|Address||865 Market Street|
San Francisco, California
|Opening date||October 1988|
|Developer||Sheldon Gordon - Gordon Group Holdings|
Brookfield Asset Management
|No. of stores and services||180+|
|No. of anchor tenants||2|
|Total retail floor area||1,564,533 sq ft (145,349.9 m2) (retail)|
250,000 sq ft (23,000 m2) (office)
|No. of floors||9 (5 in Nordstrom, 6 in Bloomingdale's)|
|Public transit access||Powell Street station|
The Westfield San Francisco Centre is a shopping mall located in San Francisco, California, United States, managed and co-owned by Unibail-Rodamco-Westfield and co-owned by Brookfield Asset Management. It is anchored by Bloomingdale's, and includes a Century Theatres multiplex and the Downtown Campus of San Francisco State University. It connects directly to the Powell Street station via an underground entrance on the concourse floor.
Originally developed by Sheldon Gordon (co-developer of The Forum Shops at Caesars and Beverly Center) the center opened in October 1988 as San Francisco Shopping Centre with approximately 500,000 square feet (46,000 m2) of space, the then-largest Nordstrom store (350,000 square feet) on the top several floors, the first spiral escalator in the United States, and connecting through to the adjoining Emporium-Capwell flagship store.
After a slow start, it soon became one of the top performing shopping centers in the country. In 1996, the adjoining Emporium (it had dropped the Capwell name by then) was shuttered in the wake of Federated Department Stores' buyout of its parent, Broadway Stores. The vacated store was temporarily used as a Macy's furniture store while it renovated its Union Square flagship in 1997.
In May 1997, Urban Shopping Centers, Inc., a Real estate investment trust acquired a half-interest and management of the center. This was followed by Urban's own buyout by Rodamco North America N.V. (a European property firm primarily invested in the United States) in October 2000 and Rodamco's subsequent sale to a consortium including the Westfield Group in January 2002. Westfield acquired its initial 50% stake in the center at this time and soon bought the rest.
In 2003, Forest City, which had acquired redevelopment rights to the long-vacant Emporium store from Federated, reached an agreement with Westfield to jointly redevelop the two properties.
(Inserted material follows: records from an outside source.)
lemma has_real_derivative_norm_squared:
  assumes "(q has_vector_derivative q') (at t)"
  shows "((\<lambda>s. (norm (q s))\<^sup>2) has_real_derivative 2 * inner (q t) q') (at t)"
proof -
  have "(q has_derivative (\<lambda>h. h *\<^sub>R q')) (at t)"
    using assms by (simp add: has_vector_derivative_def)
  from has_derivative_inner[OF this this]
  have "((\<lambda>s. inner (q s) (q s)) has_derivative
      (\<lambda>h. inner (q t) (h *\<^sub>R q') + inner (h *\<^sub>R q') (q t))) (at t)" .
  then show ?thesis
    unfolding power2_norm_eq_inner has_field_derivative_def
    by (rule has_derivative_eq_rhs) (simp add: inner_commute algebra_simps fun_eq_iff)
qed

lemma has_real_derivative_weighted_norm_squared_along_dil:
  fixes f :: "real^'n::finite \<Rightarrow> 'b::real_inner"
  assumes N: "hom_quasi_norm ginv \<nu> N" and f: "smooth_fun f"
  defines "V \<equiv> \<lambda>x. frechet_derivative f (at x) (dil_generator \<nu> x)"
  shows "((\<lambda>t. (norm (N (dil \<nu> t x) powr \<gamma> *\<^sub>R f (dil \<nu> t x)))\<^sup>2) has_real_derivative
      2 * inner (N x powr \<gamma> *\<^sub>R V x) (N x powr \<gamma> *\<^sub>R f x)
      + 2 * \<gamma> * (norm (N x powr \<gamma> *\<^sub>R f x))\<^sup>2) (at 1)"
proof (cases "x = 0")
  case True
  moreover have "N 0 = 0" using N unfolding hom_quasi_norm_def by blast
  ultimately show ?thesis by simp
next
  case False
  let ?w = "(N x powr \<gamma>)\<^sup>2"
  have hom: "N (dil \<nu> t x) = t * N x" if "t > 0" for t
    using N that unfolding hom_quasi_norm_def by blast
  have d1: "((\<lambda>t. (t powr \<gamma>)\<^sup>2) has_real_derivative 2 * \<gamma>) (at 1)"
    by (auto intro!: derivative_eq_intros)
  have "((\<lambda>t. (norm (f (dil \<nu> t x)))\<^sup>2) has_real_derivative 2 * inner (f x) (V x)) (at 1)"
    using has_real_derivative_norm_squared[OF has_vector_derivative_along_dil[OF f, of 1]]
    by (simp add: V_def)
  from DERIV_cmult[OF DERIV_mult[OF d1 this], of ?w]
  have "((\<lambda>t. ?w * ((t powr \<gamma>)\<^sup>2 * (norm (f (dil \<nu> t x)))\<^sup>2)) has_real_derivative
      ?w * (2 * \<gamma> * (norm (f x))\<^sup>2 + 2 * inner (f x) (V x))) (at 1)"
    by simp
  moreover have "?w * (2 * \<gamma> * (norm (f x))\<^sup>2 + 2 * inner (f x) (V x))
      = 2 * inner (N x powr \<gamma> *\<^sub>R V x) (N x powr \<gamma> *\<^sub>R f x)
        + 2 * \<gamma> * (norm (N x powr \<gamma> *\<^sub>R f x))\<^sup>2"
    by (simp add: power_mult_distrib inner_commute algebra_simps power2_eq_square)
  ultimately have "((\<lambda>t. ?w * ((t powr \<gamma>)\<^sup>2 * (norm (f (dil \<nu> t x)))\<^sup>2)) has_real_derivative
      2 * inner (N x powr \<gamma> *\<^sub>R V x) (N x powr \<gamma> *\<^sub>R f x)
        + 2 * \<gamma> * (norm (N x powr \<gamma> *\<^sub>R f x))\<^sup>2) (at 1)"
    by simp
  then show ?thesis
  proof (rule has_field_derivative_transform_within_open[where S = "{0<..}"])
    show "?w * ((t powr \<gamma>)\<^sup>2 * (norm (f (dil \<nu> t x)))\<^sup>2)
        = (norm (N (dil \<nu> t x) powr \<gamma> *\<^sub>R f (dil \<nu> t x)))\<^sup>2" if "t \<in> {0<..}" for t
      using that by (simp add: hom powr_mult power_mult_distrib)
  qed simp_all
qed

lemma continuous_compact_support_integrable:
  fixes h :: "'a::euclidean_space \<Rightarrow> 'b::{banach, second_countable_topology}"
  assumes "continuous_on UNIV h" "compact K" "\<And>x. x \<notin> K \<Longrightarrow> h x = 0"
  shows "integrable lborel h"
proof -
  have "integrable lborel (\<lambda>x. indicator K x *\<^sub>R h x)"
    using borel_integrable_compact[OF assms(2) continuous_on_subset[OF assms(1)]] by simp
  moreover have "(\<lambda>x. indicator K x *\<^sub>R h x) = h"
    using assms(3) by (auto simp: fun_eq_iff indicator_def)
  ultimately show ?thesis by simp
qed

lemma L2norm_sq_add_scaleR:
  fixes u v :: "real^'n::finite \<Rightarrow> complex"
  assumes "continuous_on UNIV u" "continuous_on UNIV v" "compact K"
    and "\<And>x. x \<notin> K \<Longrightarrow> u x = 0" "\<And>x. x \<notin> K \<Longrightarrow> v x = 0"
  shows "L2norm_sq (\<lambda>x. u x + c *\<^sub>R v x)
    = L2norm_sq u + c\<^sup>2 * L2norm_sq v + 2 * c * (\<integral>x. inner (u x) (v x) \<partial>lborel)"
proof -
  have "integrable lborel (\<lambda>x. (cmod (u x))\<^sup>2)" "integrable lborel (\<lambda>x. (cmod (v x))\<^sup>2)"
    "integrable lborel (\<lambda>x. inner (u x) (v x))"
    using assms by (auto intro!: continuous_compact_support_integrable[OF _ assms(3)] continuous_intros)
  moreover have "(cmod (u x + c *\<^sub>R v x))\<^sup>2
      = (cmod (u x))\<^sup>2 + c\<^sup>2 * (cmod (v x))\<^sup>2 + 2 * c * inner (u x) (v x)" for x
    unfolding power2_norm_eq_inner
    by (simp add: inner_add_left inner_add_right inner_commute[of "v x" "u x"] power2_eq_square
        algebra_simps)
  ultimately show ?thesis by (simp add: L2norm_sq_def)
qed
lemma linearization_subset_generable_clauses:
  "linearization F0 B sel \<subseteq> generable_clauses F0 sel"
  unfolding linearization_def generable_clauses_def by blast

lemma new_clauses_subset_generable_clauses:
  "new_clauses F0 sel S B B' \<subseteq> generable_clauses F0 sel"
  unfolding new_clauses_def generable_clauses_def by blast

lemma models_subset: "models M F \<Longrightarrow> F' \<subseteq> F \<Longrightarrow> models M F'"
  unfolding models_def by blast

lemma smm_loop_Unsat_sound:
  assumes "smm_loop F0 sel cost F B tr Unsat"
    and "F \<subseteq> generable_clauses F0 sel"
  shows "\<not> models \<tau> (set F0)"
  using assms
proof (induction F B tr "Unsat" rule: smm_loop.induct)
  case (unsat F B)
  show ?case
  proof
    assume "models \<tau> (set F0)"
    then have "models (extend_model \<tau>) F"
      using models_extend_model_generable_clauses models_subset unsat.prems by blast
    with unsat.hyps show False by blast
  qed
next
  case (iter F B M S B' F' tr)
  have "F' \<subseteq> generable_clauses F0 sel"
    using iter.hyps(7) iter.prems new_clauses_subset_generable_clauses by blast
  then show ?case
    by (rule iter.hyps(9))
qed

lemma smm_loop_Sat_sound:
  assumes "smm_loop F0 sel cost F B tr Sat"
    and "\<forall>(F, B)\<in>set tr. admissible (cost F B) F0 F"
  shows "\<exists>\<tau>. models \<tau> (set F0)"
  using assms
proof (induction F B tr "Sat" rule: smm_loop.induct)
  case (sat F B M)
  then show ?case
    unfolding admissible_def is_min_model_def by auto
qed simp

theorem theorem3p1:
  fixes F0 :: "'v clause list"
    and sel :: "'v multiset \<Rightarrow> 'v"
    and cost :: "'v var clause set \<Rightarrow> 'v bound set \<Rightarrow> ('v var \<Rightarrow> int) \<Rightarrow> real"
  assumes run: "solve_min_models F0 sel cost B0 trace res"
    and adm: "\<forall>(F, B)\<in>set trace. admissible (cost F B) F0 F"
  shows "(res = Sat \<longrightarrow> (\<exists>\<tau>. models \<tau> (set F0))) \<and>
         (res = Unsat \<longrightarrow> \<not> (\<exists>\<tau>. models \<tau> (set F0)))"
proof -
  have loop: "smm_loop F0 sel cost (linearization F0 B0 sel) B0 trace res"
    using run unfolding solve_min_models_def by blast
  show ?thesis
  proof (intro conjI impI)
    assume "res = Sat"
    with loop show "\<exists>\<tau>. models \<tau> (set F0)"
      using smm_loop_Sat_sound adm by blast
  next
    assume "res = Unsat"
    with loop show "\<not> (\<exists>\<tau>. models \<tau> (set F0))"
      using smm_loop_Unsat_sound linearization_subset_generable_clauses by blast
  qed
qed

end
Unveiled on September 28, 2006, the newly expanded mixed-use Westfield San Francisco Centre (designed by the Kohn Pedersen Fox architectural firm, with Kevin Kennon as the Design Principal) includes Bloomingdale's West Coast flagship store, a nine-screen Century Theatres multiplex theater featuring 2 XD screens, a 30,000 square feet Bristol Farms gourmet supermarket (closed January 2017), and the Downtown Campus for San Francisco State University in its 1.5 million+ ft² of space.
The redevelopment cost $440 million. Only the front facade and landmark dome of the original structure were preserved; the rest of the structure was completely gutted and replaced. Upon completion of the project, Forest City became an equity partner and along with Westfield assumed responsibility for day-to-day management. In March 2009, it was announced that Westfield San Francisco Centre shopping center was named as one of nine finalists vying for the title of “World’s Best Shopping Center” as part of the International Council of Shopping Centers Inc.’s inaugural “Best-of-the-Best” awards. Westfield San Francisco Centre ended up winning the "Best-of-the-Best" award for design and development; it was one of only four shopping centers in the world to win.
In 2011, the San Francisco Police Department considered putting a substation in the mall to prevent rampant shoplifting.
In the summer of 2021, a Shake Shack opened in the former Bristol Farms space. On May 2, 2023, it was announced Nordstrom would close, which will leave Bloomingdale's as the only anchor left. The following month, Westfield and Brookfield announced that they would stop making loan payments and cede the property to lenders; the mall is expected to remain open during the transfer of control. Mayor London Breed suggested that the mall could be redeveloped for another use, such as a soccer stadium, while others have suggested food halls, pickleball courts, and animal shelters.
The shopping center is nine stories tall and is integrated into nearby buildings anchored by Nordstrom and Bloomingdale's. The basement level is directly connected to two entrances for Powell Street station, which is served by Bay Area Rapid Transit (BART) and Muni Metro trains. The mall's owners paid $750,000 annually to BART to maintain access to the station.